In that case, Lawton — a 13-year veteran of the Department of Corrections who had been assigned to the Philadelphia Industrial Correctional Center on State Road — was accused of helping to sneak nearly $70,000 worth of cell phones and narcotics into the facility between September 2020 and April of this year.

Investigators have accused Lawton of accepting a total of $11,500 in bribes from an inmate who organized the contraband pipeline and his girlfriend who delivered the illicit cell phones and doses of Suboxone — a drug used to treat heroin withdrawal that can also be abused as an opioid itself.

When the Department of Corrections confronted him with the accusations in May, Lawton opted to resign his post and give up his $51,000 annual salary, a spokesperson for the city department said. He was charged days later.

Both of Lawton’s codefendants in that case have pleaded guilty to conspiracy to commit bribery and drug offenses, among other charges. Lawton is scheduled to also enter a guilty plea in that case next week, according to federal court dockets.

The pandemic fraud charges against him were filed Monday by way of a criminal information instead of an indictment — typically a sign that a defendant has already agreed to plead guilty.

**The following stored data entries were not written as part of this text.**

section \<open>Isomorphisms\<close>

lemma child_iso:
  assumes f: "bij_betw f V V'" "f r = r'" and "r \<in> V" "E \<subseteq> V \<times> V"
    and edges: "\<forall>u\<in>V. \<forall>v\<in>V. (u, v) \<in> E \<longleftrightarrow> (f u, f v) \<in> E'"
    and "child V E r a b"
  shows "child V' E' r' (f a) (f b)"
proof -
  from assms(6) have ab: "(a, b) \<in> E" and "b \<noteq> r"
    and path: "(r, a) \<in> (Restr E (V - {b}))\<^sup>*"
    unfolding child_def by auto
  have "a \<in> V" "b \<in> V"
    using ab assms(4) by auto
  have f_inj: "x \<in> V \<Longrightarrow> y \<in> V \<Longrightarrow> f x = f y \<longleftrightarrow> x = y" for x y
    using f(1) by (auto simp: bij_betw_def inj_on_def)
  have "(f r, f a) \<in> (Restr E' (V' - {f b}))\<^sup>*"
    using path
  proof (induction rule: rtrancl_induct)
    case (step x y)
    then have "(f x, f y) \<in> Restr E' (V' - {f b})"
      using edges f_inj \<open>b \<in> V\<close> bij_betwE[OF f(1)] by auto
    with step.IH show ?case
      by (rule rtrancl_into_rtrancl)
  qed simp
  moreover have "(f a, f b) \<in> E'" "f b \<noteq> r'"
    using edges ab \<open>a \<in> V\<close> \<open>b \<in> V\<close> \<open>b \<noteq> r\<close> f_inj assms(3) f(2) by auto
  ultimately show ?thesis
    unfolding child_def f(2) by blast
qed

locale two_rooted_trees = A: finite_rooted_tree V E r + B: finite_rooted_tree V' E' r'
  for V :: "'a set" and E r and V' :: "'b set" and E' r'
begin

text \<open>Isomorphisms of T_v onto T_v' are described through the parent maps rather than through
  the edges, since in this form isomorphisms of the child subtrees glue together.\<close>

definition subtree_iso :: "('a \<Rightarrow> 'b) \<Rightarrow> 'a \<Rightarrow> 'b \<Rightarrow> bool" where
  "subtree_iso f v v' \<longleftrightarrow> bij_betw f (A.T v) (B.T v') \<and> f v = v' \<and>
     (\<forall>x \<in> A.T v - {v}. f (A.parent x) = B.parent (f x))"

definition glue :: "('a \<Rightarrow> 'a \<Rightarrow> 'b) \<Rightarrow> 'a \<Rightarrow> 'b \<Rightarrow> 'a \<Rightarrow> 'b" where
  "glue F v v' x = (if x = v then v' else F (THE w. w \<in> A.chs v \<and> x \<in> A.T w) x)"

lemma glue_root: "glue F v v' v = v'"
  by (simp add: glue_def)

lemma glue_child: "w \<in> A.chs v \<Longrightarrow> x \<in> A.T w \<Longrightarrow> glue F v v' x = F w x"
proof -
  assume w: "w \<in> A.chs v" "x \<in> A.T w"
  then have "(THE w. w \<in> A.chs v \<and> x \<in> A.T w) = w"
    using A.child_subtrees_disjoint by blast
  moreover have "x \<noteq> v"
    using w A.root_notin_child_subtree by blast
  ultimately show ?thesis
    by (simp add: glue_def)
qed

lemma bij_betw_glue:
  assumes h: "bij_betw h (A.chs v) (B.chs v')"
    and F: "\<And>w. w \<in> A.chs v \<Longrightarrow> bij_betw (F w) (A.T w) (B.T (h w))"
  shows "bij_betw (glue F v v') (A.T v) (B.T v')"
proof -
  let ?f = "glue F v v'"
  have "bij_betw ?f (\<Union>w\<in>A.chs v. A.T w) (\<Union>w\<in>A.chs v. B.T (h w))"
  proof (rule bij_betw_UNION_disjoint)
    show "disjoint_family_on (\<lambda>w. B.T (h w)) (A.chs v)"
      unfolding disjoint_family_on_def
    proof (intro ballI impI)
      fix w1 w2 assume w: "w1 \<in> A.chs v" "w2 \<in> A.chs v" "w1 \<noteq> w2"
      then have "h w1 \<noteq> h w2" "h w1 \<in> B.chs v'" "h w2 \<in> B.chs v'"
        using h by (auto simp: bij_betw_def dest: inj_onD)
      then show "B.T (h w1) \<inter> B.T (h w2) = {}"
        using B.child_subtrees_disjoint by blast
    qed
    show "bij_betw ?f (A.T w) (B.T (h w))" if "w \<in> A.chs v" for w
      using F[OF that] by (subst bij_betw_cong[where g = "F w"]) (simp_all add: glue_child[OF that])
  qed
  moreover have "(\<Union>w\<in>A.chs v. B.T (h w)) = (\<Union>w'\<in>h ` A.chs v. B.T w')"
    by simp
  moreover have "h ` A.chs v = B.chs v'"
    using h by (simp add: bij_betw_def)
  ultimately have "bij_betw ?f (\<Union>w\<in>A.chs v. A.T w) (\<Union>w'\<in>B.chs v'. B.T w')"
    by simp
  then have "bij_betw ?f ((\<Union>w\<in>A.chs v. A.T w) \<union> {v}) ((\<Union>w'\<in>B.chs v'. B.T w') \<union> {?f v})"
    using A.root_notin_child_subtree B.root_notin_child_subtree glue_root
    by (intro notIn_Un_bij_betw) auto
  then show ?thesis
    using A.subtree_unfold[of v] B.subtree_unfold[of v'] glue_root by simp
qed
(* Let $N$ be a model and $A\subseteq N$, and let $N^+=(N,U_1,\dots,U_k)$ be an expansion of $N$ by finitely many unary predicates. Then $\mathrm{rtp}(N^+,A)\le\beth_{\omega+1}(\mathrm{rtp}(N,A))$.
   Context: For a structure $N$ and $A\subseteq N$, $\mathrm{rtp}(N,A)$ is the number of complete types over $A$ (in the language of $N$) realized by tuples in $(N\setminus A)^{<\omega}$. *)

theory Defs
  imports Main "HOL-Library.Equipollence"
begin

text \<open>First-order logic with equality over a signature with function symbols 'f and
relation symbols 'r (with arities), and parameters (names for elements) of type 'a.\<close>

datatype ('f, 'a) trm = Var nat | Par 'a | Fn 'f "('f, 'a) trm list"

datatype ('f, 'r, 'a) fm =
    Eq "('f, 'a) trm" "('f, 'a) trm"
  | Rl 'r "('f, 'a) trm list"
  | Neg "('f, 'r, 'a) fm"
  | Conj "('f, 'r, 'a) fm" "('f, 'r, 'a) fm"
  | Ex nat "('f, 'r, 'a) fm"

record ('f, 'r, 'a) struc =
  sdom :: "'a set"
  fint :: "'f \<Rightarrow> 'a list \<Rightarrow> 'a"
  rint :: "'r \<Rightarrow> 'a list \<Rightarrow> bool"
  farity :: "'f \<Rightarrow> nat"
  rarity :: "'r \<Rightarrow> nat"

definition is_struc :: "('f, 'r, 'a) struc \<Rightarrow> bool" where
  "is_struc N \<longleftrightarrow> sdom N \<noteq> {} \<and>
     (\<forall>f xs. length xs = farity N f \<and> set xs \<subseteq> sdom N \<longrightarrow> fint N f xs \<in> sdom N)"

fun wft :: "('f, 'r, 'a) struc \<Rightarrow> 'a set \<Rightarrow> ('f, 'a) trm \<Rightarrow> bool" where
  "wft N A (Var n) = True"
| "wft N A (Par a) = (a \<in> A)"
| "wft N A (Fn f ts) = (length ts = farity N f \<and> (\<forall>t\<in>set ts. wft N A t))"

fun wff :: "('f, 'r, 'a) struc \<Rightarrow> 'a set \<Rightarrow> ('f, 'r, 'a) fm \<Rightarrow> bool" where
  "wff N A (Eq s t) = (wft N A s \<and> wft N A t)"
| "wff N A (Rl r ts) = (length ts = rarity N r \<and> (\<forall>t\<in>set ts. wft N A t))"
| "wff N A (Neg p) = wff N A p"
| "wff N A (Conj p q) = (wff N A p \<and> wff N A q)"
| "wff N A (Ex n p) = wff N A p"
(* The map $\bar f=h\circ f\circ g$ defined below is a bijection from $\mathcal{G}_3$ onto $\mathcal{A}_3$, and for each $\pi\in\mathcal G_3$, $\bar f(\pi)$ is a partition of the same integer as $\pi$.
   Context: Partitions are nonincreasing finite sequences of positive integers; $m_j(\pi)$ is the multiplicity of $j$, $\ell(\pi)$ the number of parts, $\cup$ the multiset union of parts, $\langle a^m\rangle$ the partition of $m$ copies of $a$. $\mathcal{G}_3$: partitions $\pi$ with $m_1(\pi)\le 2$ and $m_j(\pi)+m_{j+1}(\pi)\le2$ for all $j\ge1$. $\mathcal{G}_1$: partitions with $m_1(\pi)=0$ and $m_j(\pi)+m_{j+1}(\pi)\le2$ for all $j\ge 1$. The map $g$ adds $1$ to every part of $\pi\in\mathcal G_3$ (giving an element of $\mathcal G_1$). For $\pi\in\mathcal{G}_1$: let $D(\pi)$ be the number of distinct parts of multiplicity $2$, $R_1(\pi)>\dots>R_{D(\pi)}(\pi)$ these parts, $R_{D(\pi)+1}(\pi)=0$, $R_0(\pi)=\infty$, and $\pi^{(k)}$ ($0\le k\le D(\pi)$) the partition of parts of $\pi$ strictly between $R_{k+1}(\pi)$ and $R_k(\pi)$. Then $$f(\pi)=\bigcup_{i=1}^{D(\pi)}\big\langle (2i)^{R_i(\pi)-R_{i+1}(\pi)-\ell(\pi^{(i)})}\big\rangle\ \cup\ \bigcup_{i=0}^{D(\pi)}\Big(\pi^{(i)}\text{ with }2i\text{ added to each part}\Big).$$ $\mathcal{A}_1$: partitions $\lambda$ with $m_j(\lambda)\le1$ for odd $j$, $m_j(\lambda)=0$ for odd $j<R_1(\lambda)+2$, $m_j(\lambda)\ge2$ for even $j$ with $0<j<R_1(\lambda)$, where $R_1(\lambda)$ is the largest repeated part of $\lambda$ (or $0$). For $\lambda\in\mathcal A_1$, let $P(\lambda)$ be the subpartition of parts greater than $R_1(\lambda)$; $h(\lambda)$ is obtained from $\lambda$ by subtracting $1$ from each part of $P(\lambda)$ and, for each even $2i$ with $2\le 2i\le R_1(\lambda)$, replacing two copies of $2i$ by two copies of $2i-1$. $\mathcal{A}_3$: partitions $\lambda$ for which there exists an integer $j\ge0$ such that $m_{2i-1}(\lambda)=2$ for all $1\le i\le j$ and every part of $\lambda$ greater than $2j$ has multiplicity at most $1$ (even parts $\le 2j$ may occur with any multiplicity). *)

theory Defs
  imports Main "HOL-Library.Multiset"
begin
definition bounded_paths :: "nat \<Rightarrow> nat \<Rightarrow> nat list set" where
  "bounded_paths n k = {s. set s \<subseteq> {..<k} \<and> length s \<le> n}"

lemma finite_bounded_paths: "finite (bounded_paths n k)"
  unfolding bounded_paths_def by (rule finite_lists_length_le) simp

lemma Nil_in_bounded_paths: "[] \<in> bounded_paths n k"
  unfolding bounded_paths_def by simp

(* U s k is the k-th answer of Player II after the answers coded by s. *)
locale cover_tree =
  fixes p :: "'a::lattice" and U :: "nat list \<Rightarrow> nat \<Rightarrow> 'a set"
  assumes enough_primes: "enough_primes TYPE('a)"
    and mono_U: "mono (U s)"
    and U_cover: "(\<Union>k. U s k) \<in> V p"
begin

lemma U_below: "U s k \<subseteq> {..p}"
  using U_cover[of s] unfolding V_def is_sup_def by auto

lemma U_escapes:
  assumes "\<not> p \<le> q"
  shows "\<exists>k. \<not> U s k \<subseteq> {..q}"
proof -
  have "\<not> (\<Union>k. U s k) \<subseteq> {..q}"
    using U_cover[of s] assms unfolding V_def is_sup_def by (fastforce simp: subset_iff)
  then show ?thesis by blast
qed

lemma U_escape_mono: "\<not> U s k \<subseteq> X \<Longrightarrow> k \<le> k' \<Longrightarrow> \<not> U s k' \<subseteq> X"
  using monoD[OF mono_U] by blast

lemma U_escapes_uniformly:
  assumes "finite S" "\<not> p \<le> q"
  shows "\<exists>k. \<forall>s\<in>S. \<not> U s k \<subseteq> {..q}"
proof -
  obtain K where "\<forall>s\<in>S. \<exists>k\<le>K. \<not> U s k \<subseteq> {..q}"
    using finite_bounded_witnesses[OF assms(1), of "\<lambda>s k. \<not> U s k \<subseteq> {..q}"]
      U_escapes[OF assms(2)] by blast
  then have "\<forall>s\<in>S. \<not> U s K \<subseteq> {..q}" using U_escape_mono by blast
  then show ?thesis ..
qed

definition path_set :: "nat list \<Rightarrow> 'a set" where
  "path_set s = (\<Union>j<length s. U (take j s) (s ! j))"

lemma path_set_Nil [simp]: "path_set [] = {}"
  unfolding path_set_def by simp

lemma path_set_snoc [simp]: "path_set (s @ [k]) = path_set s \<union> U s k"
  unfolding path_set_def by (simp add: lessThan_Suc nth_append Un_commute)

lemma path_set_branch: "path_set (map t [0..<n]) = (\<Union>j<n. U (map t [0..<j]) (t j))"
  by (induction n) (simp_all add: lessThan_Suc Un_commute)

lemma path_entries_bounded:
  assumes "\<forall>s\<in>bounded_paths n k. path_set s \<subseteq> {..q} \<longrightarrow> \<not> U s k \<subseteq> {..q}"
  shows "path_set s \<subseteq> {..q} \<Longrightarrow> length s \<le> Suc n \<Longrightarrow> set s \<subseteq> {..<k}"
proof (induction s rule: rev_induct)
  case (snoc x s)
  then have "set s \<subseteq> {..<k}" and "U s x \<subseteq> {..q}" by auto
  with snoc.prems have "\<not> U s k \<subseteq> {..q}"
    using assms unfolding bounded_paths_def by auto
  then have "x < k"
    using \<open>U s x \<subseteq> {..q}\<close> U_escape_mono by (meson not_le)
  then show ?case using \<open>set s \<subseteq> {..<k}\<close> by simp
qed simp

(* The induction step is Koenig's lemma: by path_entries_bounded the relevant paths of
  length Suc n form a finite set, on which U escapes uniformly. *)
lemma paths_escape_uniformly:
  assumes "\<not> p \<le> q"
  shows "\<exists>k. \<forall>s\<in>bounded_paths n k. path_set s \<subseteq> {..q} \<longrightarrow> \<not> U s k \<subseteq> {..q}"
proof (induction n)
  case 0
  obtain k where "\<not> U [] k \<subseteq> {..q}" using U_escapes[OF assms] by blast
  then show ?case by (auto simp: bounded_paths_def)
next
  case (Suc n)
  then obtain k where k: "\<forall>s\<in>bounded_paths n k. path_set s \<subseteq> {..q} \<longrightarrow> \<not> U s k \<subseteq> {..q}"
    by blast
  obtain K where K: "\<forall>s\<in>bounded_paths (Suc n) k. \<not> U s K \<subseteq> {..q}"
    using U_escapes_uniformly[OF finite_bounded_paths assms] by blast
  have "\<not> U s (max k K) \<subseteq> {..q}"
    if "s \<in> bounded_paths (Suc n) (max k K)" "path_set s \<subseteq> {..q}" for s
  proof -
    have "s \<in> bounded_paths (Suc n) k"
      using path_entries_bounded[OF k] that unfolding bounded_paths_def by auto
    then have "\<not> U s K \<subseteq> {..q}" using K by blast
    then show ?thesis using U_escape_mono by simp
  qed
  then show ?case by blast
qed

definition meets :: "nat \<Rightarrow> nat \<Rightarrow> 'a set" where
  "meets n k = {Inf_fin (f ` bounded_paths n k) | f.
     \<forall>s\<in>bounded_paths n k. f s \<in> U s k \<union> path_set s}"

lemma meets_below: "meets n k \<subseteq> {..p}"
proof
  fix c assume "c \<in> meets n k"
  then obtain f where c: "c = Inf_fin (f ` bounded_paths n k)"
    and f: "\<forall>s\<in>bounded_paths n k. f s \<in> U s k \<union> path_set s"
    unfolding meets_def by blast
  have "f [] \<in> U [] k"
    using f Nil_in_bounded_paths by fastforce
  then have "f [] \<le> p" using U_below by blast
  moreover have "c \<le> f []"
    unfolding c using finite_bounded_paths Nil_in_bounded_paths by (simp add: Inf_fin.coboundedI)
  ultimately show "c \<in> {..p}" by simp
qed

He could face up to an additional 10 years in prison should he do so.

Since the onset of the coronavirus, the federal government has approved $2.2 trillion dollars in economic stimulus payments to individuals and business owners negatively impacted by the pandemic.

But lawmakers have repeatedly raised concerns about fraud in those programs — particularly ones run by the SBA. Last month, the agency’s inspector general concluded in a report that it had distributed more than $3.1 billion in loans and $550 million in grants to potentially ineligible recipients between March of November of last year.

The study largely blamed a lack of scrutiny in vetting applicants for assistance.

The court filings in Lawton’s case point to several red flags that might have raised concerns.

For instance, aside from claiming he ran a farm business from his northwest Philadelphia home, prosecutors say Lawton put his personal Social Security number on a section of his application that requested a federal business tax ID number and asked for the grant money to be deposited into a personal bank account.

He received the $10,000 he’d requested a day after submitting the application, according to the filings.

Lawton’s lawyer, Andrew Montroy, did not immediately return calls for comment Tuesday.